清楚的知道亲娘不在乎自己,她怎么可能不难过。
只这一会儿时间,范小花眼睛就哭肿了。
老范又劝了几句,她起身走过去打开房门。
“你,你嘴怎么又流血了?”老范眉心拧成疙瘩。
他从怀里掏出一支药膏,塞给闺女,低声道:
“闺女啊,这是爹给你买的药膏,你别忘了抹。
你也快说亲了,接下来就好好养伤,家里的活爹来干。
你把伤养好,比什么都强!”
范小花坠入寒冰的心渐渐回暖。
好在这个家里,爹和大哥是真心待她的。
“好,我听爹的。
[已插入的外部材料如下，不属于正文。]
lemma nsd_extend_coloring:
  assumes nsd: "nsd (K_edges (2*k)) c"
    and window: "\<forall>v<2*k. 3*k - 2 \<le> sigma_c (K_edges (2*k)) c v \<and> sigma_c (K_edges (2*k)) c v \<le> 5*k - 2"
    and T: "T \<subseteq> {..<2*k}" "card T = k - 1"
    and k: "k \<ge> 1"
  shows "nsd (K_edges (Suc (Suc (2*k)))) (extend_coloring (2*k) T c)"
  unfolding nsd_K_edges_iff
proof (intro allI impI)
  fix u v
  assume uv: "u < Suc (Suc (2*k)) \<and> v < Suc (Suc (2*k)) \<and> u \<noteq> v"
  note sums = sigma_c_extend_coloring_window[OF window T k]
  show "sigma_c (K_edges (Suc (Suc (2*k)))) (extend_coloring (2*k) T c) u \<noteq>
    sigma_c (K_edges (Suc (Suc (2*k)))) (extend_coloring (2*k) T c) v"
  proof (cases "u < 2*k \<and> v < 2*k")
    case True
    then show ?thesis
      using nsd uv T(1) by (simp add: nsd_K_edges_iff sigma_c_extend_coloring_old)
  next
    case False
    then show ?thesis
      using uv sums(1)[of u] sums(1)[of v] sums(2,3) by (auto simp: less_Suc_eq)
  qed
qed

definition K4_coloring :: "nat set \<Rightarrow> nat" where
  "K4_coloring e = (if \<Sum>e \<le> 2 then 1 else if \<Sum>e \<le> 4 then 2 else 3)"

lemma lessThan_4: "{..<4::nat} = {0, 1, 2, 3}"
  by auto

lemma sigma_c_K4_coloring:
  assumes "v < 4"
  shows "sigma_c (K_edges 4) K4_coloring v = v + 4"
proof -
  from assms have "v = 0 \<or> v = 1 \<or> v = 2 \<or> v = 3"
    by auto
  then show ?thesis
    by (elim disjE) (simp_all add: sigma_c_K_edges lessThan_4 K4_coloring_def insert_Diff_if)
qed

lemma color_deg_K4_coloring:
  assumes "v < 4"
  shows "color_deg (K_edges 4) K4_coloring v i \<le> 2"
proof -
  from assms have "v = 0 \<or> v = 1 \<or> v = 2 \<or> v = 3"
    by auto
  then show ?thesis
    by (elim disjE) (simp_all add: color_deg_K_edges lessThan_4 K4_coloring_def insert_Diff_if)
qed

definition admissible_coloring :: "nat \<Rightarrow> (nat set \<Rightarrow> nat) \<Rightarrow> nat set \<Rightarrow> bool" where
  "admissible_coloring k c S \<longleftrightarrow>
     is_3_edge_coloring (K_edges (2*k)) c
     \<and> quasi_majority {..<2*k} (K_edges (2*k)) c
     \<and> nsd (K_edges (2*k)) c
     \<and> S \<subseteq> {..<2*k} \<and> card S \<ge> k - 1
     \<and> (\<forall>v\<in>S. color_deg (K_edges (2*k)) c v 2 \<le> k - 1)
     \<and> (\<forall>v<2*k. 3*k - 2 \<le> sigma_c (K_edges (2*k)) c v \<and> sigma_c (K_edges (2*k)) c v \<le> 5*k - 2)"

lemma admissible_K4_coloring: "admissible_coloring 2 K4_coloring {0}"
  unfolding admissible_coloring_def
proof (intro conjI)
  show "is_3_edge_coloring (K_edges (2 * 2)) K4_coloring"
    unfolding is_3_edge_coloring_def K4_coloring_def by auto
  show "quasi_majority {..<2 * 2} (K_edges (2 * 2)) K4_coloring"
    unfolding quasi_majority_K_edges_iff using color_deg_K4_coloring by simp
  show "nsd (K_edges (2 * 2)) K4_coloring"
    unfolding nsd_K_edges_iff using sigma_c_K4_coloring by simp
  show "\<forall>v\<in>{0}. color_deg (K_edges (2 * 2)) K4_coloring v 2 \<le> 2 - 1"
    by (simp add: color_deg_K_edges lessThan_4 K4_coloring_def insert_Diff_if)
qed (use sigma_c_K4_coloring in auto)

lemma admissible_coloring_extend_coloring:
  assumes k: "k \<ge> 1"
    and adm: "admissible_coloring k c S"
    and T: "T \<subseteq> S" "card T = k - 1"
  shows "admissible_coloring (Suc k) (extend_coloring (2*k) T c) ({..<2*k} - T)"
proof -
  from adm have is3: "is_3_edge_coloring (K_edges (2*k)) c"
    and qm: "quasi_majority {..<2*k} (K_edges (2*k)) c"
    and nsd: "nsd (K_edges (2*k)) c"
    and S: "S \<subseteq> {..<2*k}" "\<forall>v\<in>S. color_deg (K_edges (2*k)) c v 2 \<le> k - 1"
    and window: "\<forall>v<2*k. 3*k - 2 \<le> sigma_c (K_edges (2*k)) c v \<and> sigma_c (K_edges (2*k)) c v \<le> 5*k - 2"
    unfolding admissible_coloring_def by auto
  have T_old: "T \<subseteq> {..<2*k}"
    using S T by auto
  note sums = sigma_c_extend_coloring_window[OF window T_old T(2) k]
  have "3 * Suc k - 2 \<le> sigma_c (K_edges (Suc (Suc (2*k)))) (extend_coloring (2*k) T c) v
      \<and> sigma_c (K_edges (Suc (Suc (2*k)))) (extend_coloring (2*k) T c) v \<le> 5 * Suc k - 2"
    if "v < Suc (Suc (2*k))" for v
    using that sums(1)[of v] sums(2,3) by (auto simp: less_Suc_eq)
  moreover have "color_deg (K_edges (Suc (Suc (2*k)))) (extend_coloring (2*k) T c) v 2 \<le> k"
    if "v \<in> {..<2*k} - T" for v
    using that qm T_old by (auto simp: color_deg_extend_coloring_old quasi_majority_K_edges_iff)
  moreover have "card ({..<2*k} - T) = Suc k"
    using T_old T(2) k by (simp add: card_Diff_subset finite_subset)
  moreover have "quasi_majority {..<Suc (Suc (2*k))} (K_edges (Suc (Suc (2*k)))) (extend_coloring (2*k) T c)"
    using quasi_majority_extend_coloring[OF qm T_old T(2)] S T by auto
  ultimately show ?thesis
    using is_3_edge_coloring_extend_coloring[OF is3] nsd_extend_coloring[OF nsd window T_old T(2) k]
    unfolding admissible_coloring_def by auto
qed

lemma admissible_coloring_exists: "k \<ge> 2 \<Longrightarrow> \<exists>c S. admissible_coloring k c S"
proof (induction k rule: dec_induct)
  case base
  show ?case
    using admissible_K4_coloring by blast
next
  case (step k)
  then obtain c S where adm: "admissible_coloring k c S"
    by blast
  then have "card S \<ge> k - 1"
    by (simp add: admissible_coloring_def)
  then obtain T where "T \<subseteq> S" "card T = k - 1"
    by (meson obtain_subset_with_card_n)
  with step.hyps adm have "admissible_coloring (Suc k) (extend_coloring (2*k) T c) ({..<2*k} - T)"
    by (intro admissible_coloring_extend_coloring) auto
  then show ?case
    by blast
qed

theorem mainTheorem19:
  fixes k :: nat
  assumes "k \<ge> 2"
  shows "\<exists>c. is_3_edge_coloring (K_edges (2*k)) c
            \<and> quasi_majority {..<2*k} (K_edges (2*k)) c
            \<and> nsd (K_edges (2*k)) c
            \<and> (\<exists>S \<subseteq> {..<2*k}. card S \<ge> k - 1 \<and>
                 (\<forall>v\<in>S. color_deg (K_edges (2*k)) c v 2 \<le> k - 1))"
proof -
  obtain c S where "admissible_coloring k c S"
    using admissible_coloring_exists[OF assms] by blast
  then show ?thesis
    unfolding admissible_coloring_def by blast
qed

end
”范小花笑着说道。
她脸上的伤不算轻,脸和嘴高高肿起。
嘴上的血没洗干净,看着很可怖。
笑时唇上的伤口又裂开了一点儿,溢出点点猩红。
老范瞧见连忙随便找了块布给她。
“哎呦,闺女你可别笑了,再笑这嘴啥时候能好呦。
这几天你尽量别笑,也别说话,等你嘴上的伤结痂了再说……”
范小花点了点头,嘴唇尽量抿平。
老范又交代了几句,出去忙活去了。
范小花看着她爹给的药膏,眼中流露出暖意,把药膏细细地涂在脸上和唇上。
-
另一边。
谢袀在洛家蹭了一顿饭,才回了谢宅。
他一身气势变得轻快,脸上带着疏朗的笑,让陆老有些惊异。
“……你很高兴?”陆老放下手中毛笔,看向外孙满眼都是笑。
谢袀脸上笑意不减,没有正面回答。
“嗯,来这里挺好的。”
有那个有趣的人儿,这地方都变得特别了。
外孙不答,陆老也不在意。
他看着谢袀明显疏散开阴霾的笑,也觉得这趟来的值。
外孙脑子聪慧无比,就是身世忐忑了些。
女儿和女婿早逝不是外孙的错,可京城那些人却不这么觉得。
他们一个个站在上天的视角,直接给谢袀一个克亲的帽子。
好像这样就能彰显他们的高贵、让他们与天齐平一样,简直可笑!
最让陆老心寒的事,家里那些人竟也避外孙为瘟神。
他担心长此以往外孙偏了性子,就带着谢袀来到这里。
陆老笑道:“你这般想就对了,不管在哪里,处于何种境地,内心的强大比什么都重要。”
一开口就是鸡汤,时刻不忘教育人。
谢袀看着写写画画的外公,眼神一闪。
“外公,您可想收个学生?”
他想到洛家似乎想送洛安去学堂,不过暂时还没找到合适的学院。
外公以前可是太子少傅,学问自不必说。
而且外公待在这里没事做也无聊,倒不如让外公收下洛安。
自己也能找机会多见见洛水姑娘。
这简直一举两得。
“收学生?”
陆老一愣,久未悬下的笔墨滴在宣纸上。
一幅山野田园图有了淡淡瑕疵。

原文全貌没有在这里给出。